**TASK DIRECTIONS:** Work through the data line by line, gathering every line that has the word "definition".

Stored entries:
══════════════════════════════

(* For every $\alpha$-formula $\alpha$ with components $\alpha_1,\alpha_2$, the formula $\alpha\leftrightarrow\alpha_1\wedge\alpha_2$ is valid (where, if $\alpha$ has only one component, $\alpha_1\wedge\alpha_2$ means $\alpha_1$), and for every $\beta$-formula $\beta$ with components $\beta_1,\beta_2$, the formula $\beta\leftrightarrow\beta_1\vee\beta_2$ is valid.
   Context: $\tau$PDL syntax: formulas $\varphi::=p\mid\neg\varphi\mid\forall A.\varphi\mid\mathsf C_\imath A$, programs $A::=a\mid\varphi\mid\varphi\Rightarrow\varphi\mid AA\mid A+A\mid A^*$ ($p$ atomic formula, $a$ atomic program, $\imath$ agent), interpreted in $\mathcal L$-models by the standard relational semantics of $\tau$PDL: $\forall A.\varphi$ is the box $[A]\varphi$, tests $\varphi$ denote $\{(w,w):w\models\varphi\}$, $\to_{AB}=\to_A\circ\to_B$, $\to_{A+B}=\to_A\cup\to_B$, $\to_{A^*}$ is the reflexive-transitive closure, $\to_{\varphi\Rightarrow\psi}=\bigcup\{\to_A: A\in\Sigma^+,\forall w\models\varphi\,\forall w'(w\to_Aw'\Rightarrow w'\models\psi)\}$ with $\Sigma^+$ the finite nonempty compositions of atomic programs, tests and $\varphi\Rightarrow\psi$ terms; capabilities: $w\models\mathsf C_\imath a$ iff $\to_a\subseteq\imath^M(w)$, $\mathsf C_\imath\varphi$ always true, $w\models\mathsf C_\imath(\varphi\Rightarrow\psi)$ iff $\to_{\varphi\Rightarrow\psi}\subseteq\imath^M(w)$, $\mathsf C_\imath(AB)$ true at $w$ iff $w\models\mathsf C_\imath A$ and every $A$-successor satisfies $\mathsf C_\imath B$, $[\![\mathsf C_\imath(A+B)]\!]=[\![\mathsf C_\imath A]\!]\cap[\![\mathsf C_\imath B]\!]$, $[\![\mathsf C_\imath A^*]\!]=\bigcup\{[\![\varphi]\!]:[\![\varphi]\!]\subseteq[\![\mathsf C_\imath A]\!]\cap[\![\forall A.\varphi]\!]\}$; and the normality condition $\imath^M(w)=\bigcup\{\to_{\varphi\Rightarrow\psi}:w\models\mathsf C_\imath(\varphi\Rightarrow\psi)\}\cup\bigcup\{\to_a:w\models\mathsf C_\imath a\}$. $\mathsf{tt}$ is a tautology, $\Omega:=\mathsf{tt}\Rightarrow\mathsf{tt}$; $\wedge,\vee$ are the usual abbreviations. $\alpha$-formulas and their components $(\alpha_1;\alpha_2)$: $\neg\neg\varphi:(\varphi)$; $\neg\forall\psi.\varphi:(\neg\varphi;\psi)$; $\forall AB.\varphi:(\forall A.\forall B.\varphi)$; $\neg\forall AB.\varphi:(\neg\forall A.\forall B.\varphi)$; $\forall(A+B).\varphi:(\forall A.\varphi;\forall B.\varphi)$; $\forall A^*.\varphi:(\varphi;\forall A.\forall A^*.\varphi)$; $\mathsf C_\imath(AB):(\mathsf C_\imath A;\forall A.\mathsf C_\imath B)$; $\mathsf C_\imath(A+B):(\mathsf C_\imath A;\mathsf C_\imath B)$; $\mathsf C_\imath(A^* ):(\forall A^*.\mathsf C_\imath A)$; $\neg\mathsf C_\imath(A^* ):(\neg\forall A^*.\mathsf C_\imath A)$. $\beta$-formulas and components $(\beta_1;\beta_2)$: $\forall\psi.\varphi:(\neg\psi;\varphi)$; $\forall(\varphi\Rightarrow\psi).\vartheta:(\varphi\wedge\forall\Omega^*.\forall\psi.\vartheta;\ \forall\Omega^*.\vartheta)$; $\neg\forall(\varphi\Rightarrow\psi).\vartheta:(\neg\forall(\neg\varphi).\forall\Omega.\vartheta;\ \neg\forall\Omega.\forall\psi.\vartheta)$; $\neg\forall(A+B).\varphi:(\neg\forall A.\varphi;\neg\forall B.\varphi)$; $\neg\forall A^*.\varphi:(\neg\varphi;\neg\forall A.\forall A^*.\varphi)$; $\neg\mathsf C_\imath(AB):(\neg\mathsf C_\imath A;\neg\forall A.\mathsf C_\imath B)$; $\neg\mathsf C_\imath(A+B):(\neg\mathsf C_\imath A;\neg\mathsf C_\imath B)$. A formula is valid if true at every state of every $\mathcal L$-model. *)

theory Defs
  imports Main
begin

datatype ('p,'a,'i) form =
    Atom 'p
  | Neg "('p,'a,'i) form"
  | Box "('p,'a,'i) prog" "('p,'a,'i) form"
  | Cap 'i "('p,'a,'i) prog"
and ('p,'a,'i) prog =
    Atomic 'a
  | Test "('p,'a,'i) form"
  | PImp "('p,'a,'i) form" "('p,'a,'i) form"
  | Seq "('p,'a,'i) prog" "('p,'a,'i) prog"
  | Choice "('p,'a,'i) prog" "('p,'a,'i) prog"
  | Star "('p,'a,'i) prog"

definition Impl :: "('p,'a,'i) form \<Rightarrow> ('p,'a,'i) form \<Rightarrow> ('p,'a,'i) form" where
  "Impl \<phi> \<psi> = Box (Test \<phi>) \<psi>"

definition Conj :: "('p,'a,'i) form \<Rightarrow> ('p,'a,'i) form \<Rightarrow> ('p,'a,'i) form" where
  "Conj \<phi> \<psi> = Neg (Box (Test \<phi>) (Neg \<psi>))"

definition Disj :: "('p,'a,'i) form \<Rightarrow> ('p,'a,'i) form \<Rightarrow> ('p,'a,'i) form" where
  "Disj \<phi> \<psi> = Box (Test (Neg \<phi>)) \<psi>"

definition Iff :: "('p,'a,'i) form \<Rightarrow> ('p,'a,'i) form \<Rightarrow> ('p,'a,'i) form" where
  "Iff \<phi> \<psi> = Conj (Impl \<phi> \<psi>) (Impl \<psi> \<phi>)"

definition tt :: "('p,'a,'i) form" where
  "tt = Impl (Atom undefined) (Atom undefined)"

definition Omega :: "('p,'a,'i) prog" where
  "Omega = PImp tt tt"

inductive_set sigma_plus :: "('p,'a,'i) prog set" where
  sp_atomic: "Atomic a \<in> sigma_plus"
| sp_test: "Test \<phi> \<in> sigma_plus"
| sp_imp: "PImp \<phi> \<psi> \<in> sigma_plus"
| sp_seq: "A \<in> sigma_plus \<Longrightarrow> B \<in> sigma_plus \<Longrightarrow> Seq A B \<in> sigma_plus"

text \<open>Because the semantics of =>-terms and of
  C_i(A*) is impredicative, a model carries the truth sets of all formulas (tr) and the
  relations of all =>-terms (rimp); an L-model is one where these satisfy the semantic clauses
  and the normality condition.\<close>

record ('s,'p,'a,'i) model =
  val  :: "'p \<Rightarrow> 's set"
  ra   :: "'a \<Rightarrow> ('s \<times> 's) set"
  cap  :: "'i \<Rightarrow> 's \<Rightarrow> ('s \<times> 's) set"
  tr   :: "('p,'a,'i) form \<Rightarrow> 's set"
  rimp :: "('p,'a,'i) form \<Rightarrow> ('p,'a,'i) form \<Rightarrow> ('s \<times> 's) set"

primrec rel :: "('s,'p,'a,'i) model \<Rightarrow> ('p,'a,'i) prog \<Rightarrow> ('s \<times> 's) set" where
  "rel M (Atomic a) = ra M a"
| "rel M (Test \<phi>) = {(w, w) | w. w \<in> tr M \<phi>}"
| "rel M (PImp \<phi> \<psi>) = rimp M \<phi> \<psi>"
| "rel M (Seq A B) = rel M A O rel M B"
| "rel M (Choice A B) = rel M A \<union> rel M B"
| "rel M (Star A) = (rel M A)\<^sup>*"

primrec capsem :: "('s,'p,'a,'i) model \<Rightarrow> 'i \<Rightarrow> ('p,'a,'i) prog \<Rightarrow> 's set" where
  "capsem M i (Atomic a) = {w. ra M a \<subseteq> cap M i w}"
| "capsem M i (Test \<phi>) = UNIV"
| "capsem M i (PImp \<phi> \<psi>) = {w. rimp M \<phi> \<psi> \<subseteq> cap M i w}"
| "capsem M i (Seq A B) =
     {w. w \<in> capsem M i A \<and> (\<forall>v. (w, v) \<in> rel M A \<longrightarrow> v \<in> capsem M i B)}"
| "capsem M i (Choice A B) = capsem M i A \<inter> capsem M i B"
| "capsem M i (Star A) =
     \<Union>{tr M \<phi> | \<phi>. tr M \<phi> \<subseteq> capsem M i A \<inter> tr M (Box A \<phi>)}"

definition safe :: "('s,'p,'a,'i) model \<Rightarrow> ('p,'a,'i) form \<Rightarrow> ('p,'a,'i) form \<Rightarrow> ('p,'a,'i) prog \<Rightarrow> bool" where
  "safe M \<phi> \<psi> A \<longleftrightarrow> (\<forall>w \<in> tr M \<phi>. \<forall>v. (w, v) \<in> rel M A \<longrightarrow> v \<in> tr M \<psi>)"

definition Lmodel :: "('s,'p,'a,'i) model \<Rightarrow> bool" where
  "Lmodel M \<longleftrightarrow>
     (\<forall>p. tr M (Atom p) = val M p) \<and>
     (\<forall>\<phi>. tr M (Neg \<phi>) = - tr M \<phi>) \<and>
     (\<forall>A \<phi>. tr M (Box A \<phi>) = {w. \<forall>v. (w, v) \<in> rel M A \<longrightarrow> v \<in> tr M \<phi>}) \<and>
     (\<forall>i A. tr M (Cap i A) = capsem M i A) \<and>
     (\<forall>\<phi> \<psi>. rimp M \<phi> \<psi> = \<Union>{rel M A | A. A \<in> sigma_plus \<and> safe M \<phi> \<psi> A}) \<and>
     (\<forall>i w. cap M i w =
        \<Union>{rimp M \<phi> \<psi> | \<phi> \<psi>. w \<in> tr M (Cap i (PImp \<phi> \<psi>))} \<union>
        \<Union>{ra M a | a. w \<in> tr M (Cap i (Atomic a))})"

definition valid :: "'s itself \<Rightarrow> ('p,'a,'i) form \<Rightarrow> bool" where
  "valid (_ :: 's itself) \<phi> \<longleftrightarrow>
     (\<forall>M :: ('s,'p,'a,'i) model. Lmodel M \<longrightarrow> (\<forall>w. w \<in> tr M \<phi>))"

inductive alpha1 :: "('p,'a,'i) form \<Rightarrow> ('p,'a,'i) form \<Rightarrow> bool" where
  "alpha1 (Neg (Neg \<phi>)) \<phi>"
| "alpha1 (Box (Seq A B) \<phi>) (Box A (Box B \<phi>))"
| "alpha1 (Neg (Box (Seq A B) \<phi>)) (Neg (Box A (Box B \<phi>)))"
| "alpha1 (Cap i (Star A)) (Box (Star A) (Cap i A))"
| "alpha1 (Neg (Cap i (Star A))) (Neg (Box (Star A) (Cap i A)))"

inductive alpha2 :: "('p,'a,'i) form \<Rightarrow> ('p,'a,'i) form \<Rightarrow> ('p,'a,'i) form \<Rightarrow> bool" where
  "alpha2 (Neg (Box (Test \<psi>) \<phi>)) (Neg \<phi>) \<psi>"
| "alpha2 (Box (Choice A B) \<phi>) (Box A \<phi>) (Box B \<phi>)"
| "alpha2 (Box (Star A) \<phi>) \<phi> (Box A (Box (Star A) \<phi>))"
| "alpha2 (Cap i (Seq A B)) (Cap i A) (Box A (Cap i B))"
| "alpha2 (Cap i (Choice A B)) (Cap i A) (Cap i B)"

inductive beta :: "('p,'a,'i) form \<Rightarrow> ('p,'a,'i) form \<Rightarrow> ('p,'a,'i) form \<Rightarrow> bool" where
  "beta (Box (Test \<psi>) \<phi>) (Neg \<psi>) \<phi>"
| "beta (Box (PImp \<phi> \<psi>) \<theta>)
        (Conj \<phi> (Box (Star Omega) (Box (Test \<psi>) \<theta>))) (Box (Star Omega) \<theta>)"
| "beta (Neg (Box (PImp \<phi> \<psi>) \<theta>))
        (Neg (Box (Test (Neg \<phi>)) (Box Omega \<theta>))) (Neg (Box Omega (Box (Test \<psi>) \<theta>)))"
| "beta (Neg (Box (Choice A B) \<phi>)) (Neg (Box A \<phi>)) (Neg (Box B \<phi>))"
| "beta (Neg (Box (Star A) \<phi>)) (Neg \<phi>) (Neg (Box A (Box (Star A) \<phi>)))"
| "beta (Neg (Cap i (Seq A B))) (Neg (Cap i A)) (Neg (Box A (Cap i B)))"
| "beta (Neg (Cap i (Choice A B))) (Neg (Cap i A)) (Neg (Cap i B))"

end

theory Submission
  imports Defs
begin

══════════════════════════════

**OUTPUT OF THE EXERCISE:**
definition Impl :: "('p,'a,'i) form \<Rightarrow> ('p,'a,'i) form \<Rightarrow> ('p,'a,'i) form" where
definition Conj :: "('p,'a,'i) form \<Rightarrow> ('p,'a,'i) form \<Rightarrow> ('p,'a,'i) form" where
definition Disj :: "('p,'a,'i) form \<Rightarrow> ('p,'a,'i) form \<Rightarrow> ('p,'a,'i) form" where
definition Iff :: "('p,'a,'i) form \<Rightarrow> ('p,'a,'i) form \<Rightarrow> ('p,'a,'i) form" where
definition tt :: "('p,'a,'i) form" where
definition Omega :: "('p,'a,'i) prog" where
definition safe :: "('s,'p,'a,'i) model \<Rightarrow> ('p,'a,'i) form \<Rightarrow> ('p,'a,'i) form \<Rightarrow> ('p,'a,'i) prog \<Rightarrow> bool" where
definition Lmodel :: "('s,'p,'a,'i) model \<Rightarrow> bool" where
definition valid :: "'s itself \<Rightarrow> ('p,'a,'i) form \<Rightarrow> bool" where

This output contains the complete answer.